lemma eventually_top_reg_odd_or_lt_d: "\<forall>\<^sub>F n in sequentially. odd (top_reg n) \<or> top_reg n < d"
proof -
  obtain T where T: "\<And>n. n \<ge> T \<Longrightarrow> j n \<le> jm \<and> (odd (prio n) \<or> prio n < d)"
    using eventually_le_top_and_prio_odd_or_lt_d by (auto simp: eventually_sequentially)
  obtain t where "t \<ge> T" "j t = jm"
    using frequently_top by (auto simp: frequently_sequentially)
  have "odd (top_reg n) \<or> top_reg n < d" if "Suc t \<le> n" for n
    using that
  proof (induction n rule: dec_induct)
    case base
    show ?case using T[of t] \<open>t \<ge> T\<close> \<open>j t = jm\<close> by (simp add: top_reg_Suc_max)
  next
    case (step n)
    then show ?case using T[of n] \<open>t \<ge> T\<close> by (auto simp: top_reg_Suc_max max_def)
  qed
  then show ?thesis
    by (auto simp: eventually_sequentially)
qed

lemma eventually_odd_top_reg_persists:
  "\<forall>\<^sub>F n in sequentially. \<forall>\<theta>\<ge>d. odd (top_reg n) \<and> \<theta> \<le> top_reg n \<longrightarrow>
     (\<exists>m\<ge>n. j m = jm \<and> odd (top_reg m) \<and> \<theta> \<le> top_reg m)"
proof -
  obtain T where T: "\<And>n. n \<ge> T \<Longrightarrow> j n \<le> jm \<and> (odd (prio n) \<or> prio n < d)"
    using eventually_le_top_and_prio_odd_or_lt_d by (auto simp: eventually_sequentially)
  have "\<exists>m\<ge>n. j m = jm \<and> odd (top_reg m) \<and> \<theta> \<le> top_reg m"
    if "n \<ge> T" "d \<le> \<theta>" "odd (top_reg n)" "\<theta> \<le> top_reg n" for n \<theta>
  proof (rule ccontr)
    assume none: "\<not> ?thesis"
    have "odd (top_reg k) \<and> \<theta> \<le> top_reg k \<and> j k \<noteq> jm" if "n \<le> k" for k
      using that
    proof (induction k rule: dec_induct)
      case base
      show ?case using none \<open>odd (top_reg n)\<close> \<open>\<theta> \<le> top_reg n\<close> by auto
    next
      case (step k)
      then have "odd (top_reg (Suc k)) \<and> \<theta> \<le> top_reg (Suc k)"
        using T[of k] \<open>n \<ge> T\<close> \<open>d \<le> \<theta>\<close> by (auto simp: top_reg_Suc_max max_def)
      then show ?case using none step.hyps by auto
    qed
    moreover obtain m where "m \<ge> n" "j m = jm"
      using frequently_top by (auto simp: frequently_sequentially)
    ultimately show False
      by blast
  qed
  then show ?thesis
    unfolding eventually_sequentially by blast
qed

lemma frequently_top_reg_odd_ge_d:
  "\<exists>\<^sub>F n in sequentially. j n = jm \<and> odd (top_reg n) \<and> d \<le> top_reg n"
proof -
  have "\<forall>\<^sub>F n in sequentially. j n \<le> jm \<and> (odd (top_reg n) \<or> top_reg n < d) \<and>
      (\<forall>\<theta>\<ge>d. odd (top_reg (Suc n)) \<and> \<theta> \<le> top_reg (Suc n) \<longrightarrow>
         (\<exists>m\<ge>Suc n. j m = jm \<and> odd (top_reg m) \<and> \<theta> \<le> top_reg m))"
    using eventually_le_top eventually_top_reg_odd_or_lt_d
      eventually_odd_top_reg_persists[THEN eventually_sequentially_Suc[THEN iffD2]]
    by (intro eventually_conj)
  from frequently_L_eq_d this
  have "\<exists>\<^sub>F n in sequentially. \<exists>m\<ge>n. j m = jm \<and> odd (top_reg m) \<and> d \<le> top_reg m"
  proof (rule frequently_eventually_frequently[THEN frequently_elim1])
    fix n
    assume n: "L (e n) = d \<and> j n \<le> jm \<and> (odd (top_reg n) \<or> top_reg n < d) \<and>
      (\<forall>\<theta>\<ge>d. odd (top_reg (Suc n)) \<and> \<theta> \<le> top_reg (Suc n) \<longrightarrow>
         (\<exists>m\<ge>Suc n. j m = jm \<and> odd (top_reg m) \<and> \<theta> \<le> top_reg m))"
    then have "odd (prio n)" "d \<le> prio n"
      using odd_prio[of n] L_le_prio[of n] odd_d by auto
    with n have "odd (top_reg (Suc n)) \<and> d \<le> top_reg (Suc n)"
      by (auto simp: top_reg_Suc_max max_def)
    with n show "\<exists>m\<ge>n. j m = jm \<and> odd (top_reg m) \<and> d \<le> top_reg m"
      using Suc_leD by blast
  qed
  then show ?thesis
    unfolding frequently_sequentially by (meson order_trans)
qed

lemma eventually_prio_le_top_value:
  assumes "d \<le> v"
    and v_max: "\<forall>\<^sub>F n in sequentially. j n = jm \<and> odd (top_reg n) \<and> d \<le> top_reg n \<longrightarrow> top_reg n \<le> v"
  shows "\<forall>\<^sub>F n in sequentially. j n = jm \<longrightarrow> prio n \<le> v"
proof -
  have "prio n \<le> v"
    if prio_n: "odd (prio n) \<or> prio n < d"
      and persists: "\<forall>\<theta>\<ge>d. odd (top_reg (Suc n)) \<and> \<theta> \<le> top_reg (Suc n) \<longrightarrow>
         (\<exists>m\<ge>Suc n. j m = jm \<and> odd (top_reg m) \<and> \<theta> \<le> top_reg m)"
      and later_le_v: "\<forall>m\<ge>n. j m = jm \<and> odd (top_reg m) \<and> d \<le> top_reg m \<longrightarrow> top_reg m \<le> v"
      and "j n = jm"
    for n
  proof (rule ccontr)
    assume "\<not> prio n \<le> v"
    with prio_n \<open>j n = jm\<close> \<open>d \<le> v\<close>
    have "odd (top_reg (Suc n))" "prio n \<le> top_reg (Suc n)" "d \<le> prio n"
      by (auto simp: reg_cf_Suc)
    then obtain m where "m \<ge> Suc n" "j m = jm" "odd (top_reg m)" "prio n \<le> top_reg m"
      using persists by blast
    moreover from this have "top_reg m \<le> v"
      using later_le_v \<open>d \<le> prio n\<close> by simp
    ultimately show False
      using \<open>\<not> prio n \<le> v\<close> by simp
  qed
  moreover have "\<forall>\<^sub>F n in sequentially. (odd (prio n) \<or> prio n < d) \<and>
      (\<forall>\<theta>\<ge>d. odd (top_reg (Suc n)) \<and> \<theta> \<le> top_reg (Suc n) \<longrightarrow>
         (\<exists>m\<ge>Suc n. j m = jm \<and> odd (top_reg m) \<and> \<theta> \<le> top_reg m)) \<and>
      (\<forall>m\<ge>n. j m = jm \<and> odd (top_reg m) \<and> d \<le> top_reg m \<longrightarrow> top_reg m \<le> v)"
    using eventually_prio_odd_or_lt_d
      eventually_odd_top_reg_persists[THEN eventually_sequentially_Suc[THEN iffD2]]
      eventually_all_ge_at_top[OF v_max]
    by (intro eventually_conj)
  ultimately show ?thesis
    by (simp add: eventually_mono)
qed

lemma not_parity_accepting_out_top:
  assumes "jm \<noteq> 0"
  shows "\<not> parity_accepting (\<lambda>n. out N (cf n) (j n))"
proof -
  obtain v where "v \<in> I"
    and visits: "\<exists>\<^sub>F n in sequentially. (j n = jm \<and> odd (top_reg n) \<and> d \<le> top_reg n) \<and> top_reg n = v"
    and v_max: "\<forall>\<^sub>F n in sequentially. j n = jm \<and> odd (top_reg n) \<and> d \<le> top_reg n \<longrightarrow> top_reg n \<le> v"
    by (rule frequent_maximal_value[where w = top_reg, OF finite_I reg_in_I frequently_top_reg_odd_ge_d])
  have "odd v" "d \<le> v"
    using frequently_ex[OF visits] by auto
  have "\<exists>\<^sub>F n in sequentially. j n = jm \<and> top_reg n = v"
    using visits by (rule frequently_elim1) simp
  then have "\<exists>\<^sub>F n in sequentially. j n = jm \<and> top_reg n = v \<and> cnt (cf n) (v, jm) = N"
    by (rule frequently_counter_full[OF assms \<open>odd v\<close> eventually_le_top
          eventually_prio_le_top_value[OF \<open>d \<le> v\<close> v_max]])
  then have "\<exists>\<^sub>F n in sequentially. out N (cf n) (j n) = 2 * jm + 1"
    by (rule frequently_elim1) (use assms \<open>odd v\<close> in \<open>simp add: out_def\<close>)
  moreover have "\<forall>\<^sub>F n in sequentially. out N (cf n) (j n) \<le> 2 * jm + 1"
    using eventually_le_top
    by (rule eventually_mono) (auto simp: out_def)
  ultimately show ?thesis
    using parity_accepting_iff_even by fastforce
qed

___

**What you need to do**
Transcribe each line of the data above, unaltered, from the one where "then obtain m" appears to the one where "prio n < d) \<and>" appears, inclusive of both.

**Result of this task**
    then obtain m where "m \<ge> Suc n" "j m = jm" "odd (top_reg m)" "prio n \<le> top_reg m"
      using persists by blast
    moreover from this have "top_reg m \<le> v"
      using later_le_v \<open>d \<le> prio n\<close> by simp
    ultimately show False
      using \<open>\<not> prio n \<le> v\<close> by simp
  qed
  moreover have "\<forall>\<^sub>F n in sequentially. (odd (prio n) \<or> prio n < d) \<and>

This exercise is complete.